The Swedish Tax Agency presented on 28 December 2010 a legal position paper (131 623316-08/111) regarding the application of the Swedish transfer of a going concern (TOGC) VAT exemption. The Swedish TOGC provision is based on Article 19 of the Directive (2006/112/EC). According to the TOGC provision in the Directive, Member States may consider that no supply of goods has taken place in case of a transfer of a totality of assets or part thereof. In Sweden, however, the TOGC provision has instead been implemented as a VAT exemption.
Previously, the Tax Agency has been of the opinion that only in case of a fully taxable business being transferred could the TOGC VAT exemption be applied. This position was mainly based on a strict interpretation of the wording of the Swedish TOGC provision.
In the legal brief, the Tax Agency changes its previous strict position regarding the applicability of the TOGC VAT exemption. The Swedish TOGC provision should, in accordance with the ECJ rulings in C-14/83 von Colson, C-106/89 Marleasing and C-397/01 Pfeiffer, be interpreted so far as possible, in the light of the wording and purpose of the Directive in order to achieve an outcome consistent with the objective pursued by the Directive. Further, from the ECJ ruling C-497/01, Zita Modes, it follows that a Member State which makes use of Article 19 must apply the no-supply rule to any transfer of a totality of assets or part thereof and may not therefore restrict the application of the rule to certain transfers only.

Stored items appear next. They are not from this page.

lemma nearly_equitable_step:
  assumes ne: "nearly_equitable V E s m f lo hi"
  shows "(\<exists>g. equitable_coloring V E s m g) \<or> (\<exists>f' hi'. nearly_equitable V E s m f' lo hi'
    \<and> card ({..<s} - accessible f' lo) < card ({..<s} - accessible f lo))"
proof (cases "hi \<in> accessible f lo")
  case True
  then show ?thesis using equitable_if_nearly_equitable_reach[OF graph ne]
    unfolding accessible_def by blast
next
  case hi: False
  show ?thesis
  proof (cases "\<exists>W z y X. terminal f lo W \<and> solo f lo W z y \<and> X \<in> accessible f lo - {W}
      \<and> movable V E f z X")
    case True
    then obtain W z y X where "terminal f lo W" and y: "solo f lo W z y"
      and "X \<in> accessible f lo" "X \<noteq> W" "movable V E f z X" by blast
    then obtain g where "proper_coloring E g" "\<forall>v\<in>V. g v < s"
      "\<forall>v\<in>V. g v \<in> accessible f lo \<longleftrightarrow> f v \<in> accessible f lo \<or> v = y"
      "\<forall>i\<in>accessible f lo. card (color_class V g i) = m"
      using solo_move_and_shift[OF ne hi] by blast
    moreover have "y \<in> V" "f y \<notin> accessible f lo" using y unfolding solo_def by blast+
    ultimately show ?thesis using equitable_if_accessible_classes_full[OF ne hi] by blast
  next
    case no_move: False
    show ?thesis
    proof (cases "\<exists>W z y y'. terminal f lo W \<and> solo f lo W z y \<and> solo f lo W z y' \<and> y \<noteq> y'
        \<and> \<not> E y y'")
      case True
      then obtain W z y y' where "terminal f lo W" "solo f lo W z y" "solo f lo W z y'" "y' \<noteq> y"
        "\<not> E y' y" using simple_graph_sym[OF graph] by blast
      then show ?thesis using solo_exchange[OF ne hi] no_move by blast
    next
      case False
      then have "card {v \<in> V. f v \<notin> accessible f lo} \<le> card ({..<s} - accessible f lo) * m"
        using no_move by (intro card_outside_accessible_le[OF ne hi]) blast+
      then show ?thesis using card_outside_accessible[OF ne hi] by simp
    qed
  qed
qed

lemma equitable_if_nearly_equitable:
  "nearly_equitable V E s m f lo hi \<Longrightarrow> \<exists>g. equitable_coloring V E s m g"
proof (induction "card ({..<s} - accessible f lo)" arbitrary: f hi rule: less_induct)
  case less
  then show ?case using nearly_equitable_step[OF less.prems] by blast
qed

lemma card_other_colored_neighbours_less:
  assumes "E x y" "f x = f y" "f x < s"
  shows "card {u \<in> V. E x u \<and> f u \<noteq> f x} < card ({..<s} - {f x})"
proof -
  have xV: "x \<in> V" "y \<in> V" using simple_graph_adj_in[OF graph assms(1)] by auto
  have "{u \<in> V. E x u \<and> f u \<noteq> f x} \<subseteq> {u \<in> V. E x u} - {y}" "y \<in> {u \<in> V. E x u}"
    using assms xV by auto
  then have "card {u \<in> V. E x u \<and> f u \<noteq> f x} \<le> card ({u \<in> V. E x u} - {y})"
    using finite_V by (intro card_mono) auto
  also have "\<dots> = degree V E x - 1"
    unfolding degree_def using finite_V \<open>y \<in> {u \<in> V. E x u}\<close> by (simp add: card_Diff_singleton)
  finally have "card {u \<in> V. E x u \<and> f u \<noteq> f x} \<le> degree V E x - 1" .
  moreover have "0 < degree V E x"
    unfolding degree_def using finite_V \<open>y \<in> {u \<in> V. E x u}\<close> by (auto simp: card_gt_0_iff)
  moreover have "degree V E x < s" using degree_less xV by blast
  moreover have "card ({..<s} - {f x}) = s - 1" using assms(3) by simp
  ultimately show ?thesis by linarith
qed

The Tax Agency is therefore now of the opinion that the TOGC VAT exemption can also be applied in cases where a mixed business is being transferred unless both conditions below are met.
- The acquirer would not be entitled to VAT deductions otherwise charged due to an only partially VAT liable/non VAT liable business, and
- The application of the TOGC VAT exemption would result in a distortion of competition.

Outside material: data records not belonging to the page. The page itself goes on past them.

(* Let $K,L,F,Z,S$ be positive integers with $L\le K$, and suppose a $(K,L,F,Z,S)$ extended placement delivery array (EPDA) exists. Then for every positive integer $N$ there exists a $(K,L,M,N)$ multi-antenna coded caching scheme with $\frac{M}{N}=\frac{Z}{F}$ and subpacketization number $F$, in which the server can meet any demand vector $\mathbf{d}=(d_1,\dots,d_K)\in[N]^K$ with delivery time $T=\frac{S}{F}$.
   Context: Notation: $[n]=\{1,\dots,n\}$. EPDA: Let $K,L\ (\le K),F,Z,S$ be positive integers. An $F\times K$ array $\mathbf{A}=[a_{j,k}]$, $j\in[F]$, $k\in[K]$, whose entries are either a special symbol $\star$ or integers in $[S]$, is a $(K,L,F,Z,S)$ EPDA if: (C1) $\star$ appears exactly $Z$ times in each column; (C2) every integer in $[S]$ occurs at least once in $\mathbf{A}$; (C3) no integer appears more than once in any column; (C4) for each $s\in[S]$, let $\mathbf{A}^{(s)}$ be the subarray obtained by deleting all rows and all columns of $\mathbf{A}$ that do not contain $s$; then no row of $\mathbf{A}^{(s)}$ contains more than $L$ integer entries (of any value). $(K,L,M,N)$ multi-antenna coded caching system: a server holds $N$ files $W_1,\dots,W_N$, each of size one unit, and has $L$ transmit antennas; it serves $K$ single-antenna users over a MISO broadcast channel of capacity one file per unit time. User $k$ has a cache of size $M$ units ($0\le M\le N$). In the placement phase (before demands are known) the server fills caches with uncoded file content; $\mathcal{Z}_k$ denotes the content of cache $k$. In the delivery phase each user $k$ requests file $W_{d_k}$; the server sends vectors $\mathbf{x}(\tau)\in\mathbb{C}^L$, and user $k$ receives $y_k(\tau)=\mathbf{h}_k^T\mathbf{x}(\tau)+w_k(\tau)$, where $\mathbf{h}_k\in\mathbb{C}^L$ is user $k$'s channel vector; all nodes know all channel vectors perfectly, and the high-SNR regime is considered, i.e. the noise $w_k$ is neglected. A scheme is correct if each user $k$ can recover $W_{d_k}$ from $\mathcal{Z}_k$ and its received signals, for every demand vector. The subpacketization number is the number of equal-size subfiles into which each file is split; if each file is split into $F$ subfiles and the delivery consists of $S'$ transmissions each carrying (precoded combinations of) subfiles of size $1/F$, the delivery time is $T=S'/F$. The channel vectors are taken to be in general position (generic), so that for any set of at most $L-1$ users and a further user there is a vector in $\mathbb{C}^L$ orthogonal to the channels of the former but not of the latter. *)

theory Defs
  imports Complex_Main
begin

text \<open>An F x K array: rows j in {1..F}, columns k in {1..K};
  None represents the star symbol, Some s the integer s.\<close>

definition EPDA ::
  "nat \<Rightarrow> nat \<Rightarrow> nat \<Rightarrow> nat \<Rightarrow> nat \<Rightarrow> (nat \<Rightarrow> nat \<Rightarrow> nat option) \<Rightarrow> bool" where
  "EPDA K L F Z S A \<longleftrightarrow>
     0 < K \<and> 0 < L \<and> L \<le> K \<and> 0 < F \<and> 0 < Z \<and> 0 < S \<and>
     \<comment> \<open>entries are star or integers in [S]\<close>
     (\<forall>j\<in>{1..F}. \<forall>k\<in>{1..K}. \<forall>s. A j k = Some s \<longrightarrow> s \<in> {1..S}) \<and>
     \<comment> \<open>C1\<close>
     (\<forall>k\<in>{1..K}. card {j\<in>{1..F}. A j k = None} = Z) \<and>
     \<comment> \<open>C2\<close>
     (\<forall>s\<in>{1..S}. \<exists>j\<in>{1..F}. \<exists>k\<in>{1..K}. A j k = Some s) \<and>
     \<comment> \<open>C3\<close>
     (\<forall>k\<in>{1..K}. \<forall>j1\<in>{1..F}. \<forall>j2\<in>{1..F}. \<forall>s.
        A j1 k = Some s \<and> A j2 k = Some s \<longrightarrow> j1 = j2) \<and>
     \<comment> \<open>C4: in the subarray A^(s) (rows and columns containing s), every row
        has at most L integer entries\<close>
     (\<forall>s\<in>{1..S}. \<forall>j\<in>{1..F}. (\<exists>k\<in>{1..K}. A j k = Some s) \<longrightarrow>
        card {k\<in>{1..K}. (\<exists>j'\<in>{1..F}. A j' k = Some s) \<and> A j k \<noteq> None} \<le> L)"

text \<open>Vectors in C^L are functions nat => complex, components indexed by {1..L}.
  User k receives h_k^T x = sum_i h_k(i) x(i).\<close>

definition chan :: "nat \<Rightarrow> (nat \<Rightarrow> complex) \<Rightarrow> (nat \<Rightarrow> complex) \<Rightarrow> complex" where
  "chan L h x = (\<Sum>i=1..L. h i * x i)"

definition generic_channels :: "nat \<Rightarrow> nat \<Rightarrow> (nat \<Rightarrow> nat \<Rightarrow> complex) \<Rightarrow> bool" where
  "generic_channels K L h \<longleftrightarrow>
     (\<forall>U k. U \<subseteq> {1..K} \<and> card U \<le> L - 1 \<and> k \<in> {1..K} \<and> k \<notin> U \<longrightarrow>
        (\<exists>v. (\<forall>u\<in>U. chan L (h u) v = 0) \<and> chan L (h k) v \<noteq> 0))"

text \<open>Uncoded placement with subpacketization F: file W_n (n in [N]) is split into
  F equal subfiles W_{n,j} (j in [F]); cache k stores the subfiles indexed by
  Zc k. The cache of size M units (a subfile has size 1/F) holds at most M*F subfiles.\<close>

definition placement_ok ::
  "nat \<Rightarrow> real \<Rightarrow> nat \<Rightarrow> nat \<Rightarrow> (nat \<Rightarrow> (nat \<times> nat) set) \<Rightarrow> bool" where
  "placement_ok K M N F Zc \<longleftrightarrow>
     0 \<le> M \<and> M \<le> real N \<and>
     (\<forall>k\<in>{1..K}. Zc k \<subseteq> {1..N} \<times> {1..F} \<and> real (card (Zc k)) \<le> M * real F)"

In practice, the TOGC VAT exemption can thus now be applied in most cases. The TOGC VAT exemption would however not be applicable in cases where the acquirer will be using the acquired assets in a way where the deductible portion of the input VAT is smaller than the deductible portion of the input VAT was for the seller, when the assets were used by the seller. This would typically be the case when the business is transferred to or merged with an already ongoing business conducted by the acquirer where the taxable portion of the business is smaller for the acquirer than for the seller. Any change in the taxable portion of the business of the acquirer after the transfer has taken place is however of no importance when applying the provision.